Product architecture
The following diagram depicts the high-level architecture of the solution. It shows how the client can integrate with LumenVox voice biometrics services through APIs:
Figure 1: High-level solution architecture
Product Components
APIs
Customers can consume the voice biometrics services via the following APIs available: Assure/Biometrics, Speech, Management, and Reporting.
Assure Biometrics API
This collection of APIs is used to create identities, enroll them into the platform, and verify them. They are also used to manage identities e.g., disabling an identity, or removing a voiceprint.
Speech API
This collection can be used to consume LumenVox speech products such as ASR (Automatic Speech Recognition), TTS (Text to Speech), CPA (Call Progress Analysis), Transcription, and NLU gateway (Natural Language Understanding).
Management API
These APIs are used to manage configuration and deployment parameters.
Reporting API
This collection of APIs is used to extract session and transactional data from the platform. It is also used to provide various statistics e.g., number of enrollment transactions processed per month or total voiceprint enrolled to-date. The extracts can be used to obtain further information on biometric operations or audit trails.
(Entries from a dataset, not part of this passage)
(* Let $K/\mathbb{Q}_p$ be a finite extension with ring of integers $A$, uniformizer $\pi$ and ramification index $e$, and suppose $\log_p\frac{e}{p-1}$ is not an integer. Let $n$ be a positive integer and let $I_n$ be the ideal of $A$ generated by all $a^n-1$ with $a\in A$, $a\equiv1\bmod\pi$. Then $A/I_n\cong A/\pi^i$, where $i=e\big(\nu_p(n)-\lceil\log_p\frac{e}{p-1}\rceil\big)+p^{\lceil\log_p\frac{e}{p-1}\rceil}$ if $\lceil\log_p\frac{e}{p-1}\rceil\le\nu_p(n)$, and $i=p^{\nu_p(n)}$ if $\lceil\log_p\frac{e}{p-1}\rceil>\nu_p(n)$.
   Context: $\nu_p$ denotes the $p$-adic valuation. *)

theory Defs
  imports Complex_Main "HOL-Algebra.QuotRing" "HOL-Computational_Algebra.Primes"
begin

definition type_ring :: "('a::comm_ring_1) ring" where
  "type_ring = \<lparr>carrier = UNIV, monoid.mult = (*), one = 1, zero = 0, add = (+)\<rparr>"

definition dvr_uniformizer :: "'a::idom \<Rightarrow> bool" where
  "dvr_uniformizer \<pi> \<longleftrightarrow> \<pi> \<noteq> 0 \<and> \<not> \<pi> dvd 1 \<and>
     (\<forall>x. x \<noteq> 0 \<longrightarrow> (\<exists>u k. u dvd 1 \<and> x = u * \<pi> ^ k))"

text \<open>pi-adic completeness: every pi-adically Cauchy sequence (in the normalized form
  x (n+1) = x n mod pi^n) has a limit.\<close>
definition pi_adically_complete :: "'a::comm_ring_1 \<Rightarrow> bool" where
  "pi_adically_complete \<pi> \<longleftrightarrow>
     (\<forall>x :: nat \<Rightarrow> 'a. (\<forall>n. \<pi> ^ n dvd (x (Suc n) - x n)) \<longrightarrow>
        (\<exists>y. \<forall>n. \<pi> ^ n dvd (y - x n)))"

definition finite_residue_field :: "'a::comm_ring_1 \<Rightarrow> bool" where
  "finite_residue_field \<pi> \<longleftrightarrow> finite (range (\<lambda>a. {b. \<pi> dvd (b - a)}))"

definition I_ideal :: "'a::comm_ring_1 \<Rightarrow> nat \<Rightarrow> 'a set" where
  "I_ideal \<pi> n = genideal type_ring {a ^ n - 1 | a. \<pi> dvd (a - 1)}"

end

theory Submission
  imports Defs
begin

text \<open>For \<open>a \<equiv> 1 (mod \<pi>)\<close> put \<open>y = a ^ p ^ k - 1\<close>. Then
  \<open>a ^ p ^ (k + 1) - 1 = (1 + y) ^ p - 1 = p y + y ^ p + p y\<^sup>2 z\<close>, and since \<open>p\<close> has
  valuation \<open>e\<close>, the valuation of \<open>a ^ p ^ k - 1\<close> is at least \<open>pi_level p e k\<close>, where the
  level starts at 1 and moves from \<open>t\<close> to \<open>min (p t) (e + t)\<close>. For \<open>a = 1 + \<pi>\<close> this is an
  equality as long as the two candidates for the minimum never coincide, which is exactly what
  the hypothesis that \<open>log\<^sub>p (e / (p - 1))\<close> is not an integer guarantees. Writing
  \<open>n = p ^ v * m\<close> with \<open>p \<nmid> m\<close>, the cofactor \<open>1 + b + \<dots> + b ^ (m - 1) \<equiv> m (mod \<pi>)\<close>
  of \<open>b ^ m - 1\<close> is a unit, so \<open>I\<^sub>n = (\<pi> ^ pi_level p e v)\<close>; solving the recursion for the
  level gives the stated exponent.\<close>

lemma cring_type_ring: "cring (type_ring :: 'a::comm_ring_1 ring)"
proof (rule cringI)
  show "abelian_group (type_ring :: 'a ring)"
    by (rule abelian_groupI) (auto simp: type_ring_def algebra_simps intro: exI[of _ "- _"])
  show "comm_monoid (type_ring :: 'a ring)"
    by (rule comm_monoidI) (auto simp: type_ring_def algebra_simps)
qed (auto simp: type_ring_def algebra_simps)

lemma genideal_type_ring_singleton:
  "genideal type_ring {x} = {y :: 'a::comm_ring_1. x dvd y}"
proof -
  interpret cring "type_ring :: 'a ring" by (rule cring_type_ring)
  have "genideal type_ring {x} = cgenideal type_ring x"
    by (rule cgenideal_eq_genideal[symmetric]) (simp add: type_ring_def)
  thus ?thesis by (auto simp: cgenideal_def type_ring_def dvd_def mult.commute)
qed

lemma genideal_type_ring_eq_principal:
  fixes x :: "'a::comm_ring_1"
  assumes "\<And>s. s \<in> S \<Longrightarrow> x dvd s" and "s\<^sub>0 \<in> S" and "s\<^sub>0 dvd x"
  shows "genideal type_ring S = genideal type_ring {x}"
proof
  interpret cring "type_ring :: 'a ring" by (rule cring_type_ring)
  have carrier: "carrier (type_ring :: 'a ring) = UNIV" by (simp add: type_ring_def)
  show "genideal type_ring S \<subseteq> genideal type_ring {x}"
    using assms(1) by (intro genideal_minimal genideal_ideal)
      (auto simp: carrier genideal_type_ring_singleton)
  have ideal_S: "ideal (genideal type_ring S) type_ring"
    by (rule genideal_ideal) (simp add: carrier)
  obtain k where "x = s\<^sub>0 * k" using assms(3) by blast
  moreover have "s\<^sub>0 \<in> genideal type_ring S"
    using assms(2) genideal_self[of S] by (auto simp: carrier)
  ultimately have "x \<in> genideal type_ring S"
    using ideal.I_r_closed[OF ideal_S] by (simp add: carrier type_ring_def)
  thus "genideal type_ring {x} \<subseteq> genideal type_ring S"
    using ideal_S by (intro genideal_minimal) auto
qed
(* Let $(\mathcal B,\phi)$ be a noncommutative $*$-probability space, $t\ge0$, and $f_1,\dots,f_n\in\mathcal B^\circ$. (a) $R^{\Psi_t}[X(f_1),\dots,X(f_n)]=t\,B^\phi[f_1,\dots,f_n]$. Consequently \[ \mu^{\Psi_t}_{X(f_1), \ldots, X(f_n)} = \mathbb{B}_t(\mu_{f_1, \ldots, f_n})^{\uplus t} = \left( \mu^{\Phi_t}_{X(f_1), \ldots, X(f_n)} \right)^{\uplus \frac{t}{1+t}}. \] (b) The conditionally free cumulants with respect to the pair $(\Phi_t,\Psi_t)$ are $R^{(\Phi_t,\Psi_t)}[X(f_1),\dots,X(f_n)]=(1+t)B^\phi[f_1,\dots,f_n]$.
   Context: $\mathcal B$ is a unital $*$-algebra, $\phi$ a state, $\mathcal B^\circ=\ker\phi$. $\mathcal T(\mathcal B,\phi)=\mathbb C1\oplus\bigoplus_{n\ge1}(\mathcal B^\circ)^{\otimes n}$ with concatenation product and involution $(f_1\otimes\cdots\otimes f_n)^*=f_n^*\otimes\cdots\otimes f_1^*$; $f_1\otimes\cdots\otimes f_n$ is written $X(f_1)\cdots X(f_n)$. Let $\Lambda(f,g)=fg-\phi[fg]1$; for $f_1,\dots,f_n\in\mathcal B^\circ$ and $V=\{i(1)<\dots<i(k)\}$, $k\ge2$, $W(V)=f_{i(1)}f_{i(2)}$ if $k=2$, $W(V)=f_{i(1)}\Lambda(f_{i(2)},\Lambda(\ldots,\Lambda(f_{i(k-1)},f_{i(k)})\cdots))$ if $k\ge3$. $\mathrm{NC}_{ns}(n)$: noncrossing partitions of $\{1,\dots,n\}$ without singletons; a block $V$ is inner if some other block $U$ has $i<j<k$ with $j\in V$, $i,k\in U$, otherwise outer. $\Phi_t,\Psi_t$ are the linear functionals with value $1$ at $1$ and $\Phi_t[X(f_1)\cdots X(f_n)]=\sum_{\pi\in\mathrm{NC}_{ns}(n)}(1+t)^{|\mathrm{Outer}(\pi)|}t^{|\mathrm{Inner}(\pi)|}\prod_{V\in\pi}\phi[W(V)]$, $\Psi_t[X(f_1)\cdots X(f_n)]=\sum_{\pi\in\mathrm{NC}_{ns}(n)}t^{|\pi|}\prod_{V\in\pi}\phi[W(V)]$. Cumulants (arguments in each block in increasing order): free cumulants $R^\omega$ via $\omega[a_1\cdots a_n]=\sum_{\pi\in\mathrm{NC}(n)}\prod_{V\in\pi}R^\omega[a_i:i\in V]$; Boolean cumulants $B^\omega$ via the same formula summed over interval partitions; conditionally free cumulants $R^{(\omega,\psi)}$ via $\omega[a_1\cdots a_n]=\sum_{\pi\in\mathrm{NC}(n)}\prod_{V\in\mathrm{Inner}(\pi)}R^\psi[a_i:i\in V]\prod_{U\in\mathrm{Outer}(\pi)}R^{(\omega,\psi)}[a_i:i\in U]$. $\mu$ with indices denotes joint distribution (functional on noncommutative polynomials). $\mu^{\boxplus s}$ (resp. $\mu^{\uplus s}$) is the functional whose free (resp. Boolean) cumulants are $s$ times those of $\mu$; the Belinschi–Nica transformation is $\mathbb B_t(\mu)=(\mu^{\boxplus(1+t)})^{\uplus\frac1{1+t}}$. *)

theory Defs
  imports Complex_Main "HOL-Library.Disjoint_Sets"
begin

definition star_prob_space ::
  "(complex \<Rightarrow> 'b::ring_1 \<Rightarrow> 'b) \<Rightarrow> ('b \<Rightarrow> 'b) \<Rightarrow> ('b \<Rightarrow> complex) \<Rightarrow> bool" where
  "star_prob_space smul star phi \<longleftrightarrow>
     module smul \<and>
     (\<forall>c x y. smul c (x * y) = smul c x * y \<and> smul c (x * y) = x * smul c y) \<and>
     (\<forall>x y. star (x + y) = star x + star y) \<and>
     (\<forall>c x. star (smul c x) = smul (cnj c) (star x)) \<and>
     (\<forall>x y. star (x * y) = star y * star x) \<and>
     (\<forall>x. star (star x) = x) \<and>
     (\<forall>x y. phi (x + y) = phi x + phi y) \<and>
     (\<forall>c x. phi (smul c x) = c * phi x) \<and>
     phi 1 = 1 \<and>
     (\<forall>a. Im (phi (star a * a)) = 0 \<and> Re (phi (star a * a)) \<ge> 0)"

definition noncrossing :: "nat set set \<Rightarrow> bool" where
  "noncrossing P \<longleftrightarrow> (\<forall>V\<in>P. \<forall>U\<in>P. V \<noteq> U \<longrightarrow>
     \<not> (\<exists>a b c d. a < b \<and> b < c \<and> c < d \<and> a \<in> V \<and> c \<in> V \<and> b \<in> U \<and> d \<in> U))"

definition NC :: "nat \<Rightarrow> nat set set set" where
  "NC n = {P. partition_on {..<n} P \<and> noncrossing P}"

definition interval_partitions :: "nat \<Rightarrow> nat set set set" where
  "interval_partitions n = {P. partition_on {..<n} P \<and>
     (\<forall>V\<in>P. \<forall>i j k. i < j \<and> j < k \<and> i \<in> V \<and> k \<in> V \<longrightarrow> j \<in> V)}"

definition NC_ns :: "nat \<Rightarrow> nat set set set" where
  "NC_ns n = {P \<in> NC n. \<forall>V\<in>P. card V \<ge> 2}"

definition inner_blocks :: "nat set set \<Rightarrow> nat set set" where
  "inner_blocks P = {V\<in>P. \<exists>U\<in>P. U \<noteq> V \<and>
     (\<exists>i j k. i < j \<and> j < k \<and> j \<in> V \<and> i \<in> U \<and> k \<in> U)}"

definition outer_blocks :: "nat set set \<Rightarrow> nat set set" where
  "outer_blocks P = P - inner_blocks P"

text \<open>A functional omega evaluated on products a_1...a_k of the variables is
represented by its moment function m with m [a_1,...,a_k] = omega[a_1 ... a_k].
The restriction of the argument list to a block V (indices in increasing order)
is nths as V.\<close>

definition free_cum :: "('a list \<Rightarrow> complex) \<Rightarrow> 'a list \<Rightarrow> complex" where
  "free_cum m = (THE R. R [] = 0 \<and> (\<forall>as. as \<noteq> [] \<longrightarrow>
      m as = (\<Sum>P\<in>NC (length as). \<Prod>V\<in>P. R (nths as V))))"

definition bool_cum :: "('a list \<Rightarrow> complex) \<Rightarrow> 'a list \<Rightarrow> complex" where
  "bool_cum m = (THE R. R [] = 0 \<and> (\<forall>as. as \<noteq> [] \<longrightarrow>
      m as = (\<Sum>P\<in>interval_partitions (length as). \<Prod>V\<in>P. R (nths as V))))"

definition cfree_cum ::
  "('a list \<Rightarrow> complex) \<Rightarrow> ('a list \<Rightarrow> complex) \<Rightarrow> 'a list \<Rightarrow> complex" where
  "cfree_cum m mpsi = (THE R. R [] = 0 \<and> (\<forall>as. as \<noteq> [] \<longrightarrow>
      m as = (\<Sum>P\<in>NC (length as).
                (\<Prod>V\<in>inner_blocks P. free_cum mpsi (nths as V)) *
                (\<Prod>U\<in>outer_blocks P. R (nths as U)))))"

text \<open>A joint distribution of n variables is a functional on noncommutative
polynomials in x_0,...,x_{n-1}; it is represented by its values on monomials,
i.e. by a function on words (lists of indices < n).\<close>

type_synonym distr = "nat list \<Rightarrow> complex"

definition free_pow :: "real \<Rightarrow> distr \<Rightarrow> distr" where
  "free_pow s mu = (\<lambda>w. \<Sum>P\<in>NC (length w). \<Prod>V\<in>P. of_real s * free_cum mu (nths w V))"

definition bool_pow :: "real \<Rightarrow> distr \<Rightarrow> distr" where
  "bool_pow s mu = (\<lambda>w. \<Sum>P\<in>interval_partitions (length w).
                         \<Prod>V\<in>P. of_real s * bool_cum mu (nths w V))"

definition BN_transform :: "real \<Rightarrow> distr \<Rightarrow> distr" where
  "BN_transform t mu = bool_pow (1 / (1 + t)) (free_pow (1 + t) mu)"

definition joint_distr :: "('x list \<Rightarrow> complex) \<Rightarrow> 'x list \<Rightarrow> distr" where
  "joint_distr m xs = (\<lambda>w. m (map (\<lambda>i. xs ! i) w))"

definition Lam :: "(complex \<Rightarrow> 'b::ring_1 \<Rightarrow> 'b) \<Rightarrow> ('b \<Rightarrow> complex) \<Rightarrow> 'b \<Rightarrow> 'b \<Rightarrow> 'b" where
  "Lam smul phi f g = f * g - smul (phi (f * g)) 1"

fun lam_chain :: "(complex \<Rightarrow> 'b::ring_1 \<Rightarrow> 'b) \<Rightarrow> ('b \<Rightarrow> complex) \<Rightarrow> 'b list \<Rightarrow> 'b" where
  "lam_chain smul phi [a, b] = Lam smul phi a b"
| "lam_chain smul phi (a # b # c # rest) = Lam smul phi a (lam_chain smul phi (b # c # rest))"
| "lam_chain smul phi _ = 1"
(* Let $q$ be an acyclic Boolean conjunctive query. If the attack graph of $q$ contains a strong cycle, then it contains a strong cycle of length $2$.
   Context: Atoms $R(s_1,\dots,s_n)$ have variables or constants as arguments; each relation name has a signature $[n,k]$ with primary key positions $1,\dots,k$. $\mathit{key}(F)$ is the set of variables in the primary-key positions of atom $F$, $\mathit{vars}(F)$ the set of variables of $F$. A Boolean conjunctive query $q$ is a finite set of atoms; $\mathit{vars}(q)$ its variables. A join tree for $q$ is an undirected tree on the atoms of $q$ such that whenever a variable occurs in atoms $F$ and $G$ it occurs in every atom on the path between them; the edge between $F$ and $G$ is labeled $\mathit{vars}(F)\cap\mathit{vars}(G)$. $q$ is acyclic if it has a join tree. $\mathit{FD}(q)=\{\mathit{key}(F)\to\mathit{vars}(F)\mid F\in q\}$ (functional dependencies over variables); $F^{+,q}=\{x\in\mathit{vars}(q)\mid \mathit{FD}(q\setminus\{F\})\models\mathit{key}(F)\to x\}$; $F^{\oplus,q}=\{x\in\mathit{vars}(q)\mid \mathit{FD}(q)\models\mathit{key}(F)\to x\}$. The attack graph of $q$, computed from any join tree $\tau$ (independent of the choice), has an edge (attack) $F\to G$ for distinct atoms iff every label $L$ on the path between $F$ and $G$ in $\tau$ satisfies $L\not\subseteq F^{+,q}$. An attack $F\to G$ is weak if $\mathit{key}(G)\subseteq F^{\oplus,q}$ and strong otherwise. A cycle of length $n$ is a sequence of attacks $F_0\to F_1\to\dots\to F_{n-1}\to F_0$ with pairwise distinct $F_i$; it is strong if at least one of its attacks is strong. *)

theory Defs
  imports Main
begin

datatype ('v, 'c) qterm = Var 'v | Cst 'c

datatype ('r, 'v, 'c) atom = Atom (rel: 'r) (args: "('v, 'c) qterm list")

text \<open>A signature assigns to each relation name a pair (n, k):
  arity n, primary key positions 1..k.\<close>
type_synonym 'r signature = "'r \<Rightarrow> nat \<times> nat"

definition wf_atom :: "'r signature \<Rightarrow> ('r, 'v, 'c) atom \<Rightarrow> bool" where
  "wf_atom sig F \<longleftrightarrow> length (args F) = fst (sig (rel F))
     \<and> 1 \<le> snd (sig (rel F)) \<and> snd (sig (rel F)) \<le> fst (sig (rel F))"

definition key :: "'r signature \<Rightarrow> ('r, 'v, 'c) atom \<Rightarrow> 'v set" where
  "key sig F = {x. \<exists>i < snd (sig (rel F)). i < length (args F) \<and> args F ! i = Var x}"

definition vars :: "('r, 'v, 'c) atom \<Rightarrow> 'v set" where
  "vars F = {x. Var x \<in> set (args F)}"
lemma successor_arcs_imp_circular_along:
  fixes f :: "('v::finite) config \<Rightarrow> 'v config"
  assumes "bij \<rho>" and arcs: "arcs f = range (\<lambda>j. (j, \<rho> j))"
  shows "circular_along f \<rho>"
  unfolding circular_along_def
proof (intro conjI allI assms(1))
  fix x u
  define g where "g b = f ((\<lambda>_. False)(u := b)) (\<rho> u)" for b
  have insensitive: "f (y(j := True)) (\<rho> u) = f (y(j := False)) (\<rho> u)" if "j \<noteq> u" for y j
  proof -
    have "(j, \<rho> u) \<notin> arcs f" using arcs that bij_is_inj[OF assms(1)] by (auto dest: injD)
    then show ?thesis using no_arc_iff[of f j "\<rho> u"] by (auto simp: arcs_def)
  qed
  have only_u: "f y (\<rho> u) = g (y u)" for y
    unfolding g_def by (rule eq_if_insensitive_except[of u "\<lambda>y. f y (\<rho> u)", OF insensitive]) simp_all
  have "(u, \<rho> u) \<in> arcs f" using arcs by auto
  then have "pos_arc f u (\<rho> u) \<or> neg_arc f u (\<rho> u)" by (simp add: arcs_def)
  then have "g True \<noteq> g False" unfolding pos_arc_def neg_arc_def only_u by auto
  then show "f x (\<rho> u) = (x u \<noteq> f (\<lambda>_. False) (\<rho> u))"
    unfolding only_u by (cases "x u") auto
qed

lemma Gf_full_cycle_iff_circular_along:
  fixes f :: "('v::finite) config \<Rightarrow> 'v config"
  shows "Gf_full_cycle f \<longleftrightarrow> (\<exists>\<rho>. circular_along f \<rho> \<and> single_orbit \<rho>)"
proof
  assume "Gf_full_cycle f"
  then obtain \<rho> where "bij \<rho>" "single_orbit \<rho>" "arcs f = range (\<lambda>j. (j, \<rho> j))"
    using hamiltonian_cycle_imp_successor_graph unfolding Gf_full_cycle_def by blast
  then show "\<exists>\<rho>. circular_along f \<rho> \<and> single_orbit \<rho>"
    using successor_arcs_imp_circular_along by blast
next
  assume "\<exists>\<rho>. circular_along f \<rho> \<and> single_orbit \<rho>"
  then obtain \<rho> where circ: "circular_along f \<rho>" and "single_orbit \<rho>" by blast
  then have "hamiltonian_cycle (arcs f)"
    unfolding circular_along_arcs[OF circ]
    by (intro hamiltonian_cycle_successor_graph circular_along_bij)
  moreover have "\<not> (pos_arc f j i \<and> neg_arc f j i)" for j i
    using circular_along_arc_iff[OF circ] by blast
  ultimately show "Gf_full_cycle f" unfolding Gf_full_cycle_def by blast
qed

section \<open>Non-expansive 2-critical networks are circular\<close>

lemma two_critical_fixed_on_unique:
  fixes f :: "('v::finite) config \<Rightarrow> 'v config"
  assumes "two_critical f" and "I \<noteq> {}" and "I \<noteq> UNIV"
    and "fixed_on f I w" and "fixed_on f I w'" and agree: "\<forall>v. v \<notin> I \<longrightarrow> w v = w' v"
  shows "w = w'"
proof -
  define z where "z v = (v \<notin> I \<and> w v)" for v
  have "z \<in> confs_on (- I)" by (simp add: z_def confs_on_def)
  then have "card (sub_fixpoints f I z) \<le> 1"
    using assms(1-3) unfolding two_critical_def by blast
  then show ?thesis
    unfolding card_sub_fixpoints_le_1_iff using assms(4,5) agree by (auto simp: z_def)
qed

lemma two_critical_fixpoints_complementary:
  fixes f :: "('v::finite) config \<Rightarrow> 'v config"
  assumes "two_critical f" and "f x = x" and "f y = y" and "x \<noteq> y"
  shows "y = (\<lambda>v. \<not> x v)"
proof -
  define K where "K = {v. x v \<noteq> y v}"
  have "K \<noteq> {}" using assms(4) by (auto simp: K_def fun_eq_iff)
  moreover have "fixed_on f K x" "fixed_on f K y" using assms(2,3) by (simp_all add: fixed_on_def)
  moreover have "\<forall>v. v \<notin> K \<longrightarrow> x v = y v" by (simp add: K_def)
  ultimately have "K = UNIV"
    using two_critical_fixed_on_unique[OF assms(1)] assms(4) by blast
  then show ?thesis by (auto simp: K_def)
qed

text \<open>With two antipodal fixed points, non-expansiveness towards each of them forces
  equality, since the two distances always add up to the number of vertices.\<close>
lemma non_expansive_antipodal_fixpoints_hamming:
  fixes f :: "('v::finite) config \<Rightarrow> 'v config"
  assumes "non_expansive f" and "f a = a" and "f (\<lambda>v. \<not> a v) = (\<lambda>v. \<not> a v)"
  shows "hamming (f x) a = hamming x a"
proof -
  have "hamming (f x) a \<le> hamming x a" "hamming (f x) (\<lambda>v. \<not> a v) \<le> hamming x (\<lambda>v. \<not> a v)"
    using assms unfolding non_expansive_def by metis+
  then show ?thesis using hamming_add_hamming_Not[of "f x" a] hamming_add_hamming_Not[of x a] by linarith
qed

locale antipodal_isometry =
  fixes f :: "('v::finite) config \<Rightarrow> 'v config" and a :: "'v config"
  assumes non_expansive: "non_expansive f"
    and hamming_a: "\<And>x. hamming (f x) a = hamming x a"
    and fixpoints: "\<And>x. f x = x \<Longrightarrow> x = a \<or> x = (\<lambda>v. \<not> a v)"
begin

definition disagree :: "'v config \<Rightarrow> 'v set" where
  "disagree x = {v. x v \<noteq> a v}"

lemma disagree_inj:
  assumes "disagree x = disagree y"
  shows "x = y"
proof
  fix v
  have "(x v \<noteq> a v) = (y v \<noteq> a v)" using assms unfolding disagree_def by blast
  then show "x v = y v" by blast
qed

lemma card_disagree_f: "card (disagree (f x)) = card (disagree x)"
  using hamming_a[of x] by (simp add: hamming_def disagree_def)

lemma disagree_flip: "disagree (a(j := \<not> a j)) = {j}"
  by (auto simp: disagree_def)
(* Let $\mathcal C$ be a pseudo-purifiable discard category, let $(A_i)_{i\ge1}$, $(B_i)_{i\ge1}$ be sequences of objects, and let $(f_k)_{k\ge1}$ with $f_k\in\mathcal C(A_1\otimes\cdots\otimes A_k,B_1\otimes\cdots\otimes B_k)$ be a monotone and regular sequence. Then there exists a regular stateful morphism sequence $\alpha$ over $\mathcal C$ with inputs $(A_i)$ and outputs $(B_i)$ such that $\mathrm{FA}_k(\alpha)=f_k$ for all $k\ge1$. (That is, the functor $\mathrm{FA}$ from regular stateful morphism sequences to finite approximation sequences is full.)
   Context: Monoidal categories are treated as strict; $\sigma$ is the symmetry; write $\hat A_k=A_1\otimes\cdots\otimes A_k$. A discard category is a symmetric monoidal category with, for each object $A$, $\top_A:A\to I$ with $\top_I=\mathrm{id}_I$, $\top_{A\otimes B}=\top_A\otimes\top_B$; $f$ is causal if $\top\circ f=\top$. For $f,g\in\mathcal C(A,B)$, $f\preceq g$ iff there are $X$, $g_0\in\mathcal C(A,B\otimes X)$, $f_0\in\mathcal C(X,I)$ with $f=(\mathrm{id}_B\otimes f_0)\circ g_0$ and $g=(\mathrm{id}_B\otimes\top_X)\circ g_0$. $p\in\mathcal C(A,B\otimes X)$ is a pseudo-purification of $f\in\mathcal C(A,B)$ ($p\in\mathrm{Pure}(f)$) if for every $Y$ and $g\in\mathcal C(A,B\otimes Y)$ with $f=(\mathrm{id}_B\otimes\top_Y)\circ g$ there is a causal $c\in\mathcal C(X,Y)$ with $g=(\mathrm{id}_B\otimes c)\circ p$. Pseudo-purifiable: every morphism has a pseudo-purification and, for $f_1\in\mathcal C(A_1,B_1\otimes C)$, $f_2\in\mathcal C(C\otimes A_2,B_2)$, $p_1\in\mathrm{Pure}(f_1)$, $p_1:A_1\to B_1\otimes C\otimes X_1$, $p_2\in\mathrm{Pure}(f_2)$, $p_2:C\otimes A_2\to B_2\otimes X_2$, the morphism $(\mathrm{id}_{B_1\otimes B_2}\otimes\sigma_{X_2,X_1})\circ(\mathrm{id}_{B_1}\otimes p_2\otimes\mathrm{id}_{X_1})\circ(\mathrm{id}_{B_1\otimes C}\otimes\sigma_{X_1,A_2})\circ(p_1\otimes\mathrm{id}_{A_2})$ is in $\mathrm{Pure}((\mathrm{id}_{B_1}\otimes f_2)\circ(f_1\otimes\mathrm{id}_{A_2}))$. The sequence $(f_k)$ is monotone if for every $k\ge1$: $(\mathrm{id}_{\hat B_k}\otimes\top_{B_{k+1}})\circ f_{k+1}\preceq f_k\otimes\top_{A_{k+1}}$. It is regular if there exist $n\ge1$, objects $A',B',M$ with $A_k=A'$ and $B_k=B'$ for all $k>n$, and morphisms $g^{\mathrm{irreg}}\in\mathcal C(\hat A_n,\hat B_n\otimes M)$, $g^{\mathrm{reg}}\in\mathcal C(M\otimes A',B'\otimes M)$ such that, setting $\Psi_n=g^{\mathrm{irreg}}$ and $\Psi_{k+1}=(\mathrm{id}_{\hat B_k}\otimes g^{\mathrm{reg}})\circ(\Psi_k\otimes\mathrm{id}_{A_{k+1}})$, we have $f_k=(\mathrm{id}_{\hat B_k}\otimes\top_M)\circ\Psi_k$ for all $k\ge n$. A stateful morphism sequence $\alpha$ consists of objects $(A_i)_{i\ge1},(B_i)_{i\ge1},(M_i)_{i\ge0}$ with $M_0=I$ and layers $\alpha_i\in\mathcal C(A_i\otimes M_{i-1},B_i\otimes M_i)$; it is regular if there is $n$ with $A_k=A_n,B_k=B_n,M_k=M_n,\alpha_k=\alpha_n$ for all $k\ge n$. With $\Phi_1=\alpha_1$ and $\Phi_{k+1}=(\mathrm{id}_{\hat B_k}\otimes\alpha_{k+1})\circ(\mathrm{id}_{\hat B_k}\otimes\sigma_{M_k,A_{k+1}})\circ(\Phi_k\otimes\mathrm{id}_{A_{k+1}})$, set $\mathrm{FA}_k(\alpha)=(\mathrm{id}_{\hat B_k}\otimes\top_{M_k})\circ\Phi_k$. *)

theory Defs
  imports Main
begin

text \<open>Objects are the elements of type 'o, morphisms are those elements
of type 'm satisfying arr. Composition: comp g f = g after f.\<close>

record ('o, 'm) dcat =
  arr   :: "'m \<Rightarrow> bool"
  dom   :: "'m \<Rightarrow> 'o"
  cod   :: "'m \<Rightarrow> 'o"
  comp  :: "'m \<Rightarrow> 'm \<Rightarrow> 'm"
  ident :: "'o \<Rightarrow> 'm"
  unit  :: "'o"
  otens :: "'o \<Rightarrow> 'o \<Rightarrow> 'o"
  mtens :: "'m \<Rightarrow> 'm \<Rightarrow> 'm"
  sym   :: "'o \<Rightarrow> 'o \<Rightarrow> 'm"
  disc  :: "'o \<Rightarrow> 'm"

definition hom :: "('o, 'm, 'x) dcat_scheme \<Rightarrow> 'o \<Rightarrow> 'o \<Rightarrow> 'm set" where
  "hom C A B = {f. arr C f \<and> dom C f = A \<and> cod C f = B}"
Open-Source Software Components
RabbitMQ
This message queuing component is implemented independently by the customer/partner and is used by LumenVox software for the queuing of all transaction, audit, and management information. Once a service processes the data requests, they are removed from the queue. A distributed cluster of RabbitMQ instances is recommended in production for high availability and scalability.
Redis
This in-memory cache component is implemented independently by the customer/partner and is used by LumenVox software for the caching of session & transaction information throughout the whole solution whilst it is being processed by the various internal services. It is this component that receives and processes the audio for biometric processing. A distributed cluster of Redis instances is recommended in production, for high availability and disaster recovery.
MongoDB
This document-oriented database is implemented independently by the customer/partner and is used by LumenVox software to store the enrollment & verification audio files along with the voiceprint models. It is important to store the audio for audit/troubleshooting purposes. Enrollment audio is also required if voiceprints require re-enrollment (e.g., a new DNN model is implemented). The storing of audio files is configurable. A distributed cluster of MongoDB instances is recommended in production for high availability and scalability.
PostgreSQL
This SQL compliant relational database is implemented independently by the customer/partner and is used by LumenVox software to store all the transactional data. A distributed cluster of PostgreSQL instances is recommended in production for high availability and scalability.
Licensing Service
To consume LumenVox products, the containers are required to communicate with LumenVox’s cloud licensing service to submit information on product utilization. The customer needs to ensure that external firewall requirements are modified to allow the external connection.
LumenVox Portal
The LumenVox Portal is a web-based interface that utilizes our APIs to allow customers/partners to manage the deployments, view or edit configurations and perform health checks. A customer/partner may integrate the APIs into their own web portals and dashboards, if they don’t want to use the one provided by LumenVox. The portal can also be used to access reports and manage voiceprints.
Solution Requirements
Hardware
The solution requires an environment in which the containers can be installed - this can be a Linux or Microsoft Windows environment. A Linux-based environment is the preferred environment for optimal performance.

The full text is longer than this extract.